■ What needs to be done
Search the records for the word "insert" and copy each line in which it appears.

■ Data

(* In the standing setup, assume in addition $2f\le n$. Let $T$ be a valid partial table. Then there exist a valid partial table $T'$ whose row sets $S'_i$ satisfy $|S'_i|=|S_i|$ for every $i\in\{1,\dots,f\}$, and pairwise distinct columns $b_1,\dots,b_f\in\{1,\dots,n\}$, such that for every $i$ for which $S'_i$ is not a basis of $M$ we have $T'(i,b_i)=\emptyset$.
   Context: Standing setup: $M$ is a matroid of rank $n$ on ground set $E$; $f\le n$ is a positive integer; for each $i\in\{1,\dots,f\}$ and $j\in\{1,\dots,n\}$, $B_{i,j}$ is a basis of $M$, and the sets $B_{i,j}$ are pairwise disjoint. A valid partial table $T$ assigns to each position $(i,j)\in[f]\times[n]$ either the symbol $\emptyset$ (the position is empty) or an element $T(i,j)\in B_{i,j}$, such that for every row $i$ the set $S_i=\{T(i,j):T(i,j)\ne\emptyset\}$ is independent and for every column $j$ the set $C_j=\{T(i,j):T(i,j)\neq\emptyset\}$ is independent. *)

theory Defs
  imports Main
begin

definition matroid :: "'a set \<Rightarrow> ('a set \<Rightarrow> bool) \<Rightarrow> bool" where
  "matroid E indep \<longleftrightarrow>
     finite E \<and>
     (\<forall>X. indep X \<longrightarrow> X \<subseteq> E) \<and>
     indep {} \<and>
     (\<forall>X Y. indep X \<and> Y \<subseteq> X \<longrightarrow> indep Y) \<and>
     (\<forall>X Y. indep X \<and> indep Y \<and> card X < card Y \<longrightarrow>
        (\<exists>y \<in> Y - X. indep (insert y X)))"

definition basis :: "'a set \<Rightarrow> ('a set \<Rightarrow> bool) \<Rightarrow> 'a set \<Rightarrow> bool" where
  "basis E indep B \<longleftrightarrow> indep B \<and> (\<forall>x \<in> E - B. \<not> indep (insert x B))"

definition mrank :: "'a set \<Rightarrow> ('a set \<Rightarrow> bool) \<Rightarrow> nat" where
  "mrank E indep = Max (card ` {X. indep X})"

text \<open>A partial table is a function from positions (i,j) to entries;
  None is the empty symbol. Row set S_i and column set C_j.\<close>
definition row_set :: "(nat \<Rightarrow> nat \<Rightarrow> 'a option) \<Rightarrow> nat \<Rightarrow> nat \<Rightarrow> 'a set" where
  "row_set T n i = {x. \<exists>j \<in> {1..n}. T i j = Some x}"
text \<open>Outer probability (events are not assumed measurable).\<close>
definition outer_prob :: "'a measure \<Rightarrow> 'a set \<Rightarrow> real" where
  "outer_prob M A = (INF B \<in> {B \<in> sets M. A \<inter> space M \<subseteq> B}. measure M B)"

definition midpoint_property :: "'e::metric_space set \<Rightarrow> bool" where
  "midpoint_property F \<longleftrightarrow>
     (\<forall>x\<in>F. \<forall>y\<in>F. \<exists>z\<in>F. dist x z = dist x y / 2 \<and> dist z y = dist x y / 2)"

end

theory Submission
  imports Defs
begin

text \<open>Split the deviation event according to time and space. For large times both
  \<open>q\<^sub>t\<close> and the rescaled graph kernels are uniformly small by (A3R), using that the maximum of
  \<open>q\<^sup>n\<^sub>m\<close> is non-increasing in \<open>m\<close>. Far from \<open>\<rho>\<close> the same holds by (A3R) together with
  (A1R)(a),(b): the vertex nearest to a far point is far from \<open>\<rho>\<close> in the graph metric, which
  needs the midpoint property of \<open>F\<close>. On a compact piece of space--time, cover \<open>F\<close> by finitely
  many small balls: by the equicontinuity (A2R) the kernel at the nearest vertex is close to
  its average over a ball, and this average, a hitting probability divided by the graph
  measure of the ball, converges by (A1R)(c),(d) to the average of \<open>q\<^sub>t\<close>, which is close to
  \<open>q\<^sub>t(x)\<close> by continuity.\<close>

section \<open>Outer probability\<close>

lemma outer_prob_nonneg: "0 \<le> outer_prob M A"
  unfolding outer_prob_def by (rule cINF_greatest) (auto intro: exI[of _ "space M"])

lemma bdd_below_outer_prob_candidates:
  "bdd_below ((\<lambda>B. measure M B) ` {B \<in> sets M. A \<inter> space M \<subseteq> B})"
  by (rule bdd_belowI[of _ 0]) auto

lemma outer_prob_le_measure:
  "C \<in> sets M \<Longrightarrow> A \<inter> space M \<subseteq> C \<Longrightarrow> outer_prob M A \<le> measure M C"
  unfolding outer_prob_def by (rule cINF_lower[OF bdd_below_outer_prob_candidates]) auto

lemma outer_prob_approx:
  assumes "e > 0"
  obtains C where "C \<in> sets M" "A \<inter> space M \<subseteq> C" "measure M C < outer_prob M A + e"
proof -
  have "{B \<in> sets M. A \<inter> space M \<subseteq> B} \<noteq> {}" by auto
  then have "\<exists>C\<in>{C \<in> sets M. A \<inter> space M \<subseteq> C}. measure M C < outer_prob M A + e"
    unfolding outer_prob_def using assms
    by (subst cINF_less_iff[OF _ bdd_below_outer_prob_candidates, symmetric]) auto
  then show thesis using that by blast
qed

lemma outer_prob_mono:
  assumes "A \<inter> space M \<subseteq> B"
  shows "outer_prob M A \<le> outer_prob M B"
proof (rule field_le_epsilon)
  fix e :: real assume "e > 0"
  then obtain C where C: "C \<in> sets M" "B \<inter> space M \<subseteq> C" "measure M C < outer_prob M B + e"
    by (rule outer_prob_approx)
  have "outer_prob M A \<le> measure M C"
    using C assms by (intro outer_prob_le_measure) auto
  with C show "outer_prob M A \<le> outer_prob M B + e" by simp
qed

lemma outer_prob_Un: "outer_prob M (A \<union> B) \<le> outer_prob M A + outer_prob M B"
proof (rule field_le_epsilon)
  fix e :: real assume "e > 0"
  then have "e/2 > 0" by simp
  obtain C1 where C1: "C1 \<in> sets M" "A \<inter> space M \<subseteq> C1" "measure M C1 < outer_prob M A + e/2"
    using outer_prob_approx[OF \<open>e/2 > 0\<close>] by blast
  obtain C2 where C2: "C2 \<in> sets M" "B \<inter> space M \<subseteq> C2" "measure M C2 < outer_prob M B + e/2"
    using outer_prob_approx[OF \<open>e/2 > 0\<close>] by blast
  have "outer_prob M (A \<union> B) \<le> measure M (C1 \<union> C2)"
    using C1 C2 by (intro outer_prob_le_measure) auto
  also have "\<dots> \<le> measure M C1 + measure M C2"
    using C1 C2 by (intro measure_Un_le) auto
  finally show "outer_prob M (A \<union> B) \<le> outer_prob M A + outer_prob M B + e"
    using C1 C2 by simp
qed

lemma outer_prob_UN:
  "finite I \<Longrightarrow> outer_prob M (\<Union>i\<in>I. A i) \<le> (\<Sum>i\<in>I. outer_prob M (A i))"
proof (induction I rule: finite_induct)
  case empty
  show ?case using outer_prob_le_measure[of "{}" M "{}"] by simp
next
  case (insert i I)
  have "outer_prob M (\<Union>i\<in>insert i I. A i) \<le> outer_prob M (A i) + outer_prob M (\<Union>i\<in>I. A i)"
    using outer_prob_Un[of M "A i" "\<Union>i\<in>I. A i"] by simp
  with insert show ?case by simp
qed

lemma outer_prob_cover_le:
  assumes "A \<inter> space M \<subseteq> B \<union> (\<Union>y\<in>Y. C y \<union> D y)" "finite Y"
  shows "outer_prob M A \<le> outer_prob M B + (\<Sum>y\<in>Y. outer_prob M (C y) + outer_prob M (D y))"
proof -
  have "outer_prob M A \<le> outer_prob M (B \<union> (\<Union>y\<in>Y. C y \<union> D y))"
    using assms(1) by (rule outer_prob_mono)
  also have "\<dots> \<le> outer_prob M B + outer_prob M (\<Union>y\<in>Y. C y \<union> D y)"
    by (rule outer_prob_Un)
  also have "\<dots> \<le> outer_prob M B + (\<Sum>y\<in>Y. outer_prob M (C y \<union> D y))"
    using outer_prob_UN[OF assms(2)] by (rule add_left_mono)
  also have "\<dots> \<le> outer_prob M B + (\<Sum>y\<in>Y. outer_prob M (C y) + outer_prob M (D y))"
    by (intro add_left_mono sum_mono outer_prob_Un)
  finally show ?thesis .
qed

section \<open>Graphs, random walks and heat kernels\<close>

lemma finite_relpowp_successors:
  fixes R :: "'a \<Rightarrow> 'a \<Rightarrow> bool"
  assumes "\<And>x. finite {y. R x y}"
  shows "finite {y. (R ^^ k) x y}"
proof (induction k)
  case 0
  have "{y. (R ^^ 0) x y} = {x}" by auto
  then show ?case by simp
next
  case (Suc k)
  have "{y. (R ^^ Suc k) x y} = (\<Union>z\<in>{z. (R ^^ k) x z}. {y. R z y})"
    by (auto simp: relpowp_Suc_right)
  then show ?case using Suc assms by simp
qed

lemma relpowp_gdist: "(R ^^ k) x y \<Longrightarrow> (R ^^ gdist R x y) x y"
  unfolding gdist_def by (rule LeastI)

lemma finite_gdist_le:
  assumes "\<And>x. finite {y. R x y}" and "\<forall>y\<in>V. \<exists>k. (R ^^ k) x y"
  shows "finite {y\<in>V. real (gdist R x y) \<le> K}"
proof (rule finite_subset)
  show "{y\<in>V. real (gdist R x y) \<le> K} \<subseteq> (\<Union>k\<le>nat \<lceil>K\<rceil>. {y. (R ^^ k) x y})"
  proof
    fix y assume y: "y \<in> {y\<in>V. real (gdist R x y) \<le> K}"
    then obtain k where "(R ^^ k) x y" using assms(2) by blast
    then have "(R ^^ gdist R x y) x y" by (rule relpowp_gdist)
    moreover have "gdist R x y \<le> nat \<lceil>K\<rceil>"
    proof -
      have "int (gdist R x y) \<le> \<lceil>K\<rceil>" using y by (simp add: le_ceiling_iff)
      then show ?thesis by linarith
    qed
    ultimately show "y \<in> (\<Union>k\<le>nat \<lceil>K\<rceil>. {y. (R ^^ k) x y})" by blast
  qed
  show "finite (\<Union>k\<le>nat \<lceil>K\<rceil>. {y. (R ^^ k) x y})"
    using finite_relpowp_successors[OF assms(1)] by auto
qed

■ Response to this exercise
        (\<exists>y \<in> Y - X. indep (insert y X)))"
  "basis E indep B \<longleftrightarrow> indep B \<and> (\<forall>x \<in> E - B. \<not> indep (insert x B))"
  case (insert i I)
  have "outer_prob M (\<Union>i\<in>insert i I. A i) \<le> outer_prob M (A i) + outer_prob M (\<Union>i\<in>I. A i)"
  with insert show ?case by simp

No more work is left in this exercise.